## TASK INSTRUCTIONS:
Lift every line from the entries that includes the word "entry".

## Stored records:
Segment Open
(* Let $\mathtt{W}_1,\mathtt{W}_2,\mathtt{W}\in\mathcal{U}^{\ast,\circ}$ be words. Then for every marked partition $\widehat{p}\in\mathcal{MP}_{\mathtt{W}}$ (i.e., every marked partition of type $\mathtt{W}$) we have \[ m_{\mathtt{W}_1,\mathtt{W}_2;\widehat{p}} = m_{\mathtt{W}_1,\mathtt{W}_2;\mathtt{W}}, \] where $m_{\mathtt{W}_1,\mathtt{W}_2;\widehat{p}} := \#\{(\widehat{p_1},\widehat{p_2})\in\mathcal{MP}_{\mathtt{W}_1}\times\mathcal{MP}_{\mathtt{W}_2} \mid \Phi(\widehat{p_1},\widehat{p_2})=\widehat{p}\}$ and $m_{\mathtt{W}_1,\mathtt{W}_2;\mathtt{W}}$ is the coefficient of $\mathtt{W}$ in $\mathtt{W}_1\ast\mathtt{W}_2$. In particular, for fixed $\mathtt{W}_1,\mathtt{W}_2$, the number $m_{\mathtt{W}_1,\mathtt{W}_2;\widehat{p}}$ depends only on the type $\mathtt{W}$ of $\widehat{p}$.
   Context: Let $\mathcal{U}=\{u_j\mid j\in\mathbb{Z}_{\geq0}\}$ be an alphabet; $\mathcal{U}^\ast$ is the set of words (finite concatenations of letters, including the empty word $\mathbf{1}$), and $\mathbb{Q}\langle\mathcal{U}\rangle$ is the $\mathbb{Q}$-vector space with basis $\mathcal{U}^\ast$. The stuffle product $\ast$ on $\mathbb{Q}\langle\mathcal{U}\rangle$ is the $\mathbb{Q}$-bilinear product with $\mathbf{1}\ast\mathtt{W}=\mathtt{W}\ast\mathbf{1}=\mathtt{W}$ and, for $j_1,j_2\in\mathbb{Z}_{\ge0}$ and words $\mathtt{W}_1,\mathtt{W}_2$, $u_{j_1}\mathtt{W}_1\ast u_{j_2}\mathtt{W}_2 = u_{j_1}(\mathtt{W}_1\ast u_{j_2}\mathtt{W}_2)+u_{j_2}(u_{j_1}\mathtt{W}_1\ast\mathtt{W}_2)+u_{j_1+j_2}(\mathtt{W}_1\ast\mathtt{W}_2)$. Let $\mathcal{U}^{\ast,\circ}$ be the set of words not starting with $u_0$ (including $\mathbf{1}$); the span of $\mathcal{U}^{\ast,\circ}$ is closed under $\ast$. For $\mathtt{W}_1,\mathtt{W}_2\in\mathcal{U}^{\ast,\circ}$ write $\mathtt{W}_1\ast\mathtt{W}_2=\sum_{\mathtt{W}\in\mathcal{U}^{\ast,\circ}} m_{\mathtt{W}_1,\mathtt{W}_2;\mathtt{W}}\mathtt{W}$ with $m_{\mathtt{W}_1,\mathtt{W}_2;\mathtt{W}}\in\mathbb{Z}_{\ge0}$. Marked partitions: let $p$ be a partition with distinct parts $m_1>\dots>m_d>0$ having multiplicities $n_1,\dots,n_d\in\mathbb{Z}_{>0}$, drawn as a Young diagram (rows top to bottom of weakly decreasing length). A distinct row marking of type $(k_1,\dots,k_d)$ marks, for each $j$, exactly $k_j$ of the $n_j$ rows of length $m_j$, always including the lowest row of length $m_j$. A distinct column marking of type $(z_1,\dots,z_d)$ is a distinct row marking of type $(z_d,\dots,z_1)$ of the conjugate partition; concretely, setting $m_{d+1}=0$, for each $j$ exactly $z_j$ of the columns $m_{j+1}+1,\dots,m_j$ (counted from the left) are marked, always including column $m_j$. A marked partition $\widehat{p}$ is a Young diagram together with a distinct row marking of type $(k_1,\dots,k_d)$ and a distinct column marking of type $(z_1,\dots,z_d)$; its type is the word $u_{k_1}u_0^{z_1-1}\cdots u_{k_d}u_0^{z_d-1}\in\mathcal{U}^{\ast,\circ}$. The empty partition $\emptyset$ is the unique marked partition of type $\mathbf{1}$. $\mathcal{MP}_{\mathtt{W}}$ denotes the set of marked partitions of type $\mathtt{W}$, and $\mathcal{MP}$ the set of all marked partitions. A horizontal block of a (marked) partition is the set of all rows of a given length $m_j$ (obtained by cutting the diagram horizontally below each row containing a corner). The map $\Phi\colon\mathcal{MP}\times\mathcal{MP}\to\mathcal{MP}$: $\Phi(\emptyset,\widehat{p_2})=\widehat{p_2}$, $\Phi(\widehat{p_1},\emptyset)=\widehat{p_1}$; otherwise, cut $\widehat{p_1}$ and $\widehat{p_2}$ into their horizontal blocks and assemble all these blocks into one Young diagram sorted by decreasing length, where if $\widehat{p_1}$ and $\widehat{p_2}$ both have a block of the same length, the block from $\widehat{p_1}$ is placed directly above the block from $\widehat{p_2}$; the row markings are carried along with the rows; and the $j$-th leftmost column of the result is marked if and only if the $j$-th leftmost column of $\widehat{p_1}$ or of $\widehat{p_2}$ is marked. *)

theory Defs
  imports "HOL-Library.Multiset"
begin

text \<open>Words over the alphabet u_0, u_1, ...: the letter u_j is encoded by the natural number j,
a word is a list of naturals, the empty word is the empty list.\<close>

type_synonym word = "nat list"

definition circ_word :: "word \<Rightarrow> bool" where
  "circ_word w \<longleftrightarrow> (w = [] \<or> hd w \<noteq> 0)"

text \<open>Stuffle product; the result is the multiset of words (with multiplicities = coefficients).\<close>
fun stuffle :: "word \<Rightarrow> word \<Rightarrow> word multiset" where
  "stuffle [] w = {#w#}"
| "stuffle v [] = {#v#}"
| "stuffle (a # v) (b # w) =
     image_mset ((#) a) (stuffle v (b # w))
   + image_mset ((#) b) (stuffle (a # v) w)
   + image_mset ((#) (a + b)) (stuffle v w)"

definition stuffle_coeff :: "word \<Rightarrow> word \<Rightarrow> word \<Rightarrow> nat" where
  "stuffle_coeff w1 w2 w = count (stuffle w1 w2) w"

text \<open>A marked partition is represented by the list of its rows from top to bottom,
each row given by its length and whether it is row-marked, together with the set of
marked columns (columns numbered 1, 2, ... from the left).\<close>

type_synonym mpart = "(nat \<times> bool) list \<times> nat set"

definition is_mp :: "mpart \<Rightarrow> bool" where
  "is_mp p \<longleftrightarrow> (let rows = fst p; cols = snd p in
      (\<forall>r \<in> set rows. fst r > 0)
    \<and> sorted_wrt (\<ge>) (map fst rows)
    \<and> (\<forall>i < length rows. (Suc i = length rows \<or> fst (rows ! Suc i) < fst (rows ! i))
                          \<longrightarrow> snd (rows ! i))
    \<and> (\<forall>r \<in> set rows. fst r \<in> cols)
    \<and> (\<forall>c \<in> cols. 1 \<le> c \<and> (\<exists>r \<in> set rows. c \<le> fst r)))"

text \<open>The type of a marked partition: with distinct part lengths m_1 > ... > m_d,
k_j the number of marked rows of length m_j, and z_j the number of marked columns
among m_{j+1}+1, ..., m_j (m_{d+1} = 0), the type is u_{k_1} u_0^{z_1-1} ... u_{k_d} u_0^{z_d-1}.\<close>
definition mp_type :: "mpart \<Rightarrow> word" where
  "mp_type p = (let rows = fst p; cols = snd p;
      ms = remdups (map fst rows);
      nxt = (\<lambda>j. if Suc j < length ms then ms ! Suc j else 0);
      k = (\<lambda>j. length (filter (\<lambda>r. fst r = ms ! j \<and> snd r) rows));
      z = (\<lambda>j. card {c \<in> cols. nxt j < c \<and> c \<le> ms ! j})
    in concat (map (\<lambda>j. k j # replicate (z j - 1) 0) [0..<length ms]))"

definition MP :: "word \<Rightarrow> mpart set" where
  "MP w = {p. is_mp p \<and> mp_type p = w}"

text \<open>Merging rows sorted by decreasing length; on equal lengths the rows of the first
argument come first (so blocks of the first partition sit above those of the second).\<close>
fun merge_rows :: "(nat \<times> bool) list \<Rightarrow> (nat \<times> bool) list \<Rightarrow> (nat \<times> bool) list" where
  "merge_rows [] ys = ys"
| "merge_rows xs [] = xs"
| "merge_rows (x # xs) (y # ys) =
     (if fst x < fst y then y # merge_rows (x # xs) ys else x # merge_rows xs (y # ys))"

definition Phi :: "mpart \<Rightarrow> mpart \<Rightarrow> mpart" where
  "Phi p1 p2 = (if fst p1 = [] then p2 else if fst p2 = [] then p1
               else (merge_rows (fst p1) (fst p2), snd p1 \<union> snd p2))"

definition mp_coeff :: "word \<Rightarrow> word \<Rightarrow> mpart \<Rightarrow> nat" where
  "mp_coeff w1 w2 p = card {(p1, p2). p1 \<in> MP w1 \<and> p2 \<in> MP w2 \<and> Phi p1 p2 = p}"

end

theory Submission
  imports Defs
begin

text \<open>Encode a marked partition by its marked columns, each carrying the row markings of the rows
of exactly that length. The type is then read off column by column, and \<open>Phi\<close> becomes a merge of
codes that concatenates the blocks of equal columns. The pairs of codes merging into a given code
are counted by looking at its first entry: it comes from the first code, from the second, or from
both, and in the last case its block splits in exactly one way into an upper part with the
prescribed number of marked rows and a lower part, each empty or ending in a marked row. This is the
recursion defining the stuffle product.\<close>

section \<open>Column codes\<close>

text \<open>An entry \<open>(c, bs)\<close> of a code is a marked column \<open>c\<close> together with the markings, from top to
bottom, of the rows of length exactly \<open>c\<close>; \<open>bs = []\<close> for a marked column that is not a row length.\<close>

type_synonym col_code = "(nat \<times> bool list) list"

definition ends_marked :: "bool list \<Rightarrow> bool" where
  "ends_marked bs \<longleftrightarrow> bs = [] \<or> last bs"

definition valid_code :: "col_code \<Rightarrow> bool" where
  "valid_code e \<longleftrightarrow> sorted_wrt (>) (map fst e) \<and> (\<forall>(c, bs) \<in> set e. 0 < c \<and> ends_marked bs)"

definition code_word :: "col_code \<Rightarrow> word" where
  "code_word e = map (\<lambda>(c, bs). count_list bs True) e"

fun merge_code :: "col_code \<Rightarrow> col_code \<Rightarrow> col_code" where
  "merge_code [] e = e"
| "merge_code e [] = e"
| "merge_code ((c1, bs1) # e1) ((c2, bs2) # e2) =
    (if c2 < c1 then (c1, bs1) # merge_code e1 ((c2, bs2) # e2)
     else if c1 < c2 then (c2, bs2) # merge_code ((c1, bs1) # e1) e2
     else (c1, bs1 @ bs2) # merge_code e1 e2)"

lemma valid_code_Nil [simp]: "valid_code []"
  by (simp add: valid_code_def)

lemma valid_code_Cons [simp]:
  "valid_code ((c, bs) # e) \<longleftrightarrow> (\<forall>x \<in> set e. fst x < c) \<and> 0 < c \<and> ends_marked bs \<and> valid_code e"
  by (auto simp: valid_code_def)

lemma code_word_Nil [simp]: "code_word [] = []"
  and code_word_Cons [simp]: "code_word ((c, bs) # e) = count_list bs True # code_word e"
  by (simp_all add: code_word_def)

lemma code_word_eq_Nil_iff [simp]: "code_word e = [] \<longleftrightarrow> e = []"
  by (simp add: code_word_def)

lemma merge_code_Nil2 [simp]: "merge_code e [] = e"
  by (cases e) auto

lemma merge_code_eq_Nil_iff [simp]: "merge_code e1 e2 = [] \<longleftrightarrow> e1 = [] \<and> e2 = []"
  by (induction e1 e2 rule: merge_code.induct) auto

lemma columns_merge_code: "fst ` set (merge_code e1 e2) = fst ` set e1 \<union> fst ` set e2"
  by (induction e1 e2 rule: merge_code.induct) auto

lemma fst_in_merge_code: "x \<in> set (merge_code e1 e2) \<Longrightarrow> fst x \<in> fst ` set e1 \<union> fst ` set e2"
  by (simp flip: columns_merge_code)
Segment Closed
## YOUR RESPONSE:
are counted by looking at its first entry: it comes from the first code, from the second, or from
text \<open>An entry \<open>(c, bs)\<close> of a code is a marked column \<open>c\<close> together with the markings, from top to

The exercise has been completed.